EXERCISE OBJECTIVE:
Transcribe, word for word and without additions, each line below from the one containing "cells n \<subseteq>" through the one containing "< n \<Longrightarrow>", both ends included.

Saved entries
(* For $n\ge1$ let $Z_n$ be the value in the top cell of a uniformly random element of $\mathcal{C}^*_{n,1}$, i.e. $\mathbb{P}(Z_n=m)=\frac{[t^nx^m]V(t,x)}{[t^n]V(t,1)}$. Then $Z_n/(2n)$ converges in law to a random variable $Z$ uniformly distributed on $[0,1]$ (density $1$ on $[0,1]$, $0$ otherwise), whose moments are $\mathbb{E}(Z^r)=\frac{1}{r+1}$.
   Context: For $n\ge 0$, let $\mathcal{C}^*_{n,1}$ be the set of fillings, bijectively with $1,\dots,2n+1$, of the three-row shape having one top-row cell in column $1$, middle-row cells in columns $1,\dots,n$ and bottom-row cells in columns $1,\dots,n$, with entries increasing from left to right along the middle row and from bottom to top within each column, and no condition among bottom-row entries. $v_{n,i}$ is the number of elements of $\mathcal{C}^*_{n,1}$ whose top cell contains $i$, and $V(t,x)=\sum_{n,i\ge0}v_{n,i}\frac{t^n}{n!}x^i$. *)

theory Defs
  imports "HOL-Probability.Probability"
begin

text \<open>Cells of the three-row shape: one top cell (column 1), middle-row cells
  Mid j and bottom-row cells Bot j for columns j = 1..n.\<close>
datatype cell = Top | Mid nat | Bot nat

definition cells :: "nat \<Rightarrow> cell set" where
  "cells n = {Top} \<union> Mid ` {1..n} \<union> Bot ` {1..n}"

definition Cstar :: "nat \<Rightarrow> (cell \<Rightarrow> nat) set" where
  "Cstar n = {f \<in> cells n \<rightarrow>\<^sub>E {1..2*n+1}.
      bij_betw f (cells n) {1..2*n+1}
    \<and> (\<forall>j\<in>{1..<n}. f (Mid j) < f (Mid (Suc j)))
    \<and> (\<forall>j\<in>{1..n}. f (Bot j) < f (Mid j))
    \<and> (1 \<le> n \<longrightarrow> f (Mid 1) < f Top)}"

definition v :: "nat \<Rightarrow> nat \<Rightarrow> nat" where
  "v n i = card {f \<in> Cstar n. f Top = i}"

text \<open>Coefficients of V(t,x) = sum v_{n,i} t^n/n! x^i.\<close>
definition V_coeff :: "nat \<Rightarrow> nat \<Rightarrow> real" where
  "V_coeff n m = real (v n m) / fact n"

text \<open>[t^n] V(t,1) = sum over i of v_{n,i}/n! (only i \<le> 2n+1 contribute).\<close>
definition V1_coeff :: "nat \<Rightarrow> real" where
  "V1_coeff n = (\<Sum>i\<le>2*n+1. V_coeff n i)"

definition Z_law :: "nat \<Rightarrow> nat measure" where
  "Z_law n = density (count_space UNIV) (\<lambda>m. ennreal (V_coeff n m / V1_coeff n))"

definition Z_scaled_law :: "nat \<Rightarrow> real measure" where
  "Z_scaled_law n = distr (Z_law n) borel (\<lambda>m. real m / (2 * real n))"

end

theory Submission
  imports Defs "HOL-Real_Asymp.Real_Asymp"
begin

text \<open>Let \<open>T\<^sub>n\<close> be the fillings whose top cell holds the largest value \<open>2n+1\<close>. Moving the
  value \<open>i\<close> to the top by a cyclic shift of the values \<open>i, \<dots>, 2n+1\<close> identifies the fillings
  with top entry \<open>i\<close> with the \<open>f \<in> T\<^sub>n\<close> satisfying \<open>f (Mid 1) < i\<close>; hence
  \<open>(\<Sum>i=1..K. v n i) = (\<Sum>f\<in>T\<^sub>n. K - f (Mid 1))\<close>. Removing the last column, and remembering
  its bottom entry, is a bijection \<open>T\<^sub>m\<^sub>+\<^sub>1 \<cong> T\<^sub>m \<times> {1..2m+1}\<close>; so the mean \<open>\<mu>\<^sub>n\<close> of
  \<open>f (Mid 1)\<close> over \<open>T\<^sub>n\<close> satisfies \<open>\<mu>\<^sub>1 = 2\<close> and \<open>\<mu>\<^sub>m\<^sub>+\<^sub>1 = (2m+2)/(2m+1) \<mu>\<^sub>m\<close>,
  whence \<open>\<mu>\<^sub>n \<le> 2\<surd>n = o(n)\<close>. Therefore \<open>P(Z\<^sub>n \<le> K)\<close> lies between \<open>(K - \<mu>\<^sub>n)/(2n+1)\<close>
  and \<open>K/(2n+1-\<mu>\<^sub>n)\<close>, and the distribution function of \<open>Z\<^sub>n/(2n)\<close> tends to \<open>min x 1\<close>
  for \<open>x \<ge> 0\<close>, which is that of the uniform law.\<close>

lemma finite_cells [simp]: "finite (cells n)"
  unfolding cells_def by auto

lemma Top_in_cells [simp]: "Top \<in> cells n"
  by (simp add: cells_def)

lemma Mid_in_cells_iff [simp]: "Mid j \<in> cells n \<longleftrightarrow> 1 \<le> j \<and> j \<le> n"
  by (auto simp: cells_def)

lemma Bot_in_cells_iff [simp]: "Bot j \<in> cells n \<longleftrightarrow> 1 \<le> j \<and> j \<le> n"
  by (auto simp: cells_def)

lemma cells_0: "cells 0 = {Top}"
  by (simp add: cells_def)

lemma cells_Suc: "cells (Suc m) = insert (Mid (Suc m)) (insert (Bot (Suc m)) (cells m))"
  unfolding cells_def by (auto simp: atLeastAtMostSuc_conv)

lemma card_cells: "card (cells n) = 2 * n + 1"
proof (induction n)
  case (Suc m)
  have "Mid (Suc m) \<notin> cells m" "Bot (Suc m) \<notin> cells m"
    by simp_all
  then show ?case
    using Suc by (simp add: cells_Suc)
qed (simp add: cells_0)

lemma Cstar_iff:
  "f \<in> Cstar n \<longleftrightarrow> f \<in> cells n \<rightarrow>\<^sub>E {1..2*n+1} \<and> inj_on f (cells n)
    \<and> (\<forall>j\<in>{1..<n}. f (Mid j) < f (Mid (Suc j)))
    \<and> (\<forall>j\<in>{1..n}. f (Bot j) < f (Mid j))
    \<and> (1 \<le> n \<longrightarrow> f (Mid 1) < f Top)"
proof -
  have "bij_betw f (cells n) {1..2*n+1} \<longleftrightarrow> inj_on f (cells n)"
    if f: "f \<in> cells n \<rightarrow>\<^sub>E {1..2*n+1}"
  proof
    assume inj: "inj_on f (cells n)"
    have "f ` cells n \<subseteq> {1..2*n+1}"
      using f by auto
    moreover have "card (f ` cells n) = card {1..2*n+1}"
      using card_image[OF inj] by (simp add: card_cells)
    ultimately show "bij_betw f (cells n) {1..2*n+1}"
      using inj by (simp add: bij_betw_def card_subset_eq)
  qed (rule bij_betw_imp_inj_on)
  then show ?thesis
    unfolding Cstar_def by blast
qed

lemma CstarI:
  assumes "f \<in> cells n \<rightarrow>\<^sub>E {1..2*n+1}" "inj_on f (cells n)"
    "\<And>j. 1 \<le> j \<Longrightarrow> j < n \<Longrightarrow> f (Mid j) < f (Mid (Suc j))"
    "\<And>j. 1 \<le> j \<Longrightarrow> j \<le> n \<Longrightarrow> f (Bot j) < f (Mid j)"
    "1 \<le> n \<Longrightarrow> f (Mid 1) < f Top"
  shows "f \<in> Cstar n"
  using assms by (simp add: Cstar_iff)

ANSWER SPACE:
    have "f ` cells n \<subseteq> {1..2*n+1}"
      using f by auto
    moreover have "card (f ` cells n) = card {1..2*n+1}"
      using card_image[OF inj] by (simp add: card_cells)
    ultimately show "bij_betw f (cells n) {1..2*n+1}"
      using inj by (simp add: bij_betw_def card_subset_eq)
  qed (rule bij_betw_imp_inj_on)
  then show ?thesis
    unfolding Cstar_def by blast
qed

lemma CstarI:
  assumes "f \<in> cells n \<rightarrow>\<^sub>E {1..2*n+1}" "inj_on f (cells n)"
    "\<And>j. 1 \<le> j \<Longrightarrow> j < n \<Longrightarrow> f (Mid j) < f (Mid (Suc j))"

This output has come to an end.